JULY_1_ARCH_DOCS_02: The Hybrid DSPy-Elixir Architecture
Architecture Overview
ElexirionDSP implements a hybrid architecture that combines the best of two worlds:
- DSPy (Python): Dynamic prompt optimization and learning
- pipeline_ex (Elixir): Robust, concurrent execution with OTP supervision
This separation allows us to leverage DSPy’s advanced optimization capabilities while maintaining production-grade reliability through Elixir’s battle-tested concurrency model.
Core Components
The Three-Layer Architecture
┌─────────────────────────────────────────────────────────────┐
│ Layer 3: Optimization │
│ ┌─────────────────────────────────────────────────────┐ │
│ │ DSPy Optimizer │ │
│ │ • Prompt optimization │ │
│ │ • Performance metrics │ │
│ │ • Learning algorithms │ │
│ │ • A/B testing │ │
│ └─────────────────────────────────────────────────────┘ │
└─────────────────────────────────────────────────────────────┘
│
▼
┌─────────────────────────────────────────────────────────────┐
│ Layer 2: Orchestration │
│ ┌─────────────────────────────────────────────────────┐ │
│ │ Agent Framework │ │
│ │ • PipelineAgent.handle_request/1 │ │
│ │ • Web API │ │
│ │ • Chat Interface │ │
│ │ • Job Management │ │
│ └─────────────────────────────────────────────────────┘ │
└─────────────────────────────────────────────────────────────┘
│
▼
┌─────────────────────────────────────────────────────────────┐
│ Layer 1: Execution │
│ ┌─────────────────────────────────────────────────────┐ │
│ │ pipeline_ex Runtime │ │
│ │ • Pipeline.Executor │ │
│ │ • Claude/Gemini Providers │ │
│ │ • OTP Supervision │ │
│ │ • Fault Tolerance │ │
│ └─────────────────────────────────────────────────────┘ │
└─────────────────────────────────────────────────────────────┘
Layer 1: Execution Runtime (Elixir)
Current Implementation
The execution layer is already robust and production-ready:
# Pipeline execution with OTP supervision
{:ok, pid} = Pipeline.Executor.start_link()
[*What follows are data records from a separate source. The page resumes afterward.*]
lemma lincomb_on_lincomb_on:
  assumes "finite K" "\<And>x. x \<in> K \<Longrightarrow> finite (J x)"
  shows "lincomb_on K a (\<lambda>x. lincomb_on (J x) (b x) (T x))
       = lincomb_on (SIGMA x:K. J x) (\<lambda>(x, y). a x * b x y) (\<lambda>(x, y). T x y)"
  using assms by (intro ext) (simp add: lincomb_on_def sum_distrib_left mult.assoc sum.Sigma split_def)

lemma mmul_lincomb_on_lincomb_on:
  "mmul n (lincomb_on K a S) (lincomb_on J b E)
     = lincomb_on K a (\<lambda>x. lincomb_on J b (\<lambda>y. mmul n (S x) (E y)))"
  by (simp only: mmul_lincomb_on_left) (simp only: mmul_lincomb_on_right)

lemma idm_outer_resolution:
  assumes spanV: "spans n 1 V" and spanW: "spans 1 n W"
  obtains K :: "(nat \<times> nat \<times> nat) set" and c S E
  where "finite K" "\<forall>x\<in>K. S x \<in> V \<and> E x \<in> W"
    and "idm n = lincomb_on K c (\<lambda>x. mmul 1 (S x) (E x))"
proof -
  have "\<forall>j. \<exists>k c T. j < n \<longrightarrow> (\<forall>l<k. T l \<in> V) \<and> basis_col j = lincomb k c T"
    using spanV by (auto simp: spans_def wf_mat_def basis_col_def)
  then obtain kS \<alpha> SS
    where SS: "\<And>j. j < n \<Longrightarrow> (\<forall>l<kS j. SS j l \<in> V) \<and> basis_col j = lincomb (kS j) (\<alpha> j) (SS j)"
    by metis
  have "\<forall>j. \<exists>k c T. j < n \<longrightarrow> (\<forall>l<k. T l \<in> W) \<and> basis_row j = lincomb k c T"
    using spanW by (auto simp: spans_def wf_mat_def basis_row_def)
  then obtain kE \<beta> EE
    where EE: "\<And>j. j < n \<Longrightarrow> (\<forall>m<kE j. EE j m \<in> W) \<and> basis_row j = lincomb (kE j) (\<beta> j) (EE j)"
    by metis
  define K where "K = (SIGMA j:{..<n}. SIGMA l:{..<kS j}. {..<kE j})"
  have "idm n = lincomb_on {..<n} (\<lambda>_. 1) (\<lambda>j. lincomb_on {..<kS j} (\<alpha> j)
                  (\<lambda>l. lincomb_on {..<kE j} (\<beta> j) (\<lambda>m. mmul 1 (SS j l) (EE j m))))"
    unfolding idm_eq_sum_basis_outer lincomb_on_def[of "{..<n}"]
    using SS EE by (intro ext sum.cong) (simp_all add: lincomb_eq_lincomb_on mmul_lincomb_on_lincomb_on)
  also have "\<dots> = lincomb_on K (\<lambda>(j, l, m). \<alpha> j l * \<beta> j m)
                    (\<lambda>x. mmul 1 ((\<lambda>(j, l, m). SS j l) x) ((\<lambda>(j, l, m). EE j m) x))"
    unfolding K_def by (simp add: lincomb_on_lincomb_on split_def)
  finally show ?thesis
    using SS EE by (intro that[of K]) (auto simp: K_def)
qed

lemma wf_mat_idm: "wf_mat n n (idm n)"
  by (simp add: wf_mat_def idm_def)

lemma wf_mat_mmul: "wf_mat m k M \<Longrightarrow> wf_mat k' n N \<Longrightarrow> wf_mat m n (mmul k M N)"
  unfolding wf_mat_def mmul_def by auto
{:ok, result} = Pipeline.Executor.execute(config)
# Multi-provider support
providers = [
{:claude, Pipeline.Providers.ClaudeProvider},
{:gemini, Pipeline.Providers.GeminiProvider}
]
# Fault tolerance with emergent fallbacks
case execute_pipeline(config) do
{:ok, result} -> result
{:error, reason} ->
trigger_emergent_fallback(reason)
end
Key Capabilities
1. Concurrent Pipeline Execution
# Supervisor manages multiple pipeline processes
defmodule Pipeline.Supervisor do
use DynamicSupervisor
def start_pipeline(config) do
DynamicSupervisor.start_child(__MODULE__, {
Pipeline.Worker, config
})
end
end
2. Multi-Provider Orchestration
# Single pipeline using multiple AI providers
steps:
- name: analyze_code
type: claude_smart
preset: analysis
- name: generate_plan
type: gemini_structured
format: json
- name: implement_changes
type: claude_robust
retry_count: 3
3. Emergent Fallback Systems
defp create_emergent_fallback(request) do
# When primary pipeline fails, generate new approach
pipeline_yaml = case failure_pattern(request) do
:max_turns_exceeded -> create_simple_pipeline(request)
:tool_restriction_violated -> create_no_tools_pipeline(request)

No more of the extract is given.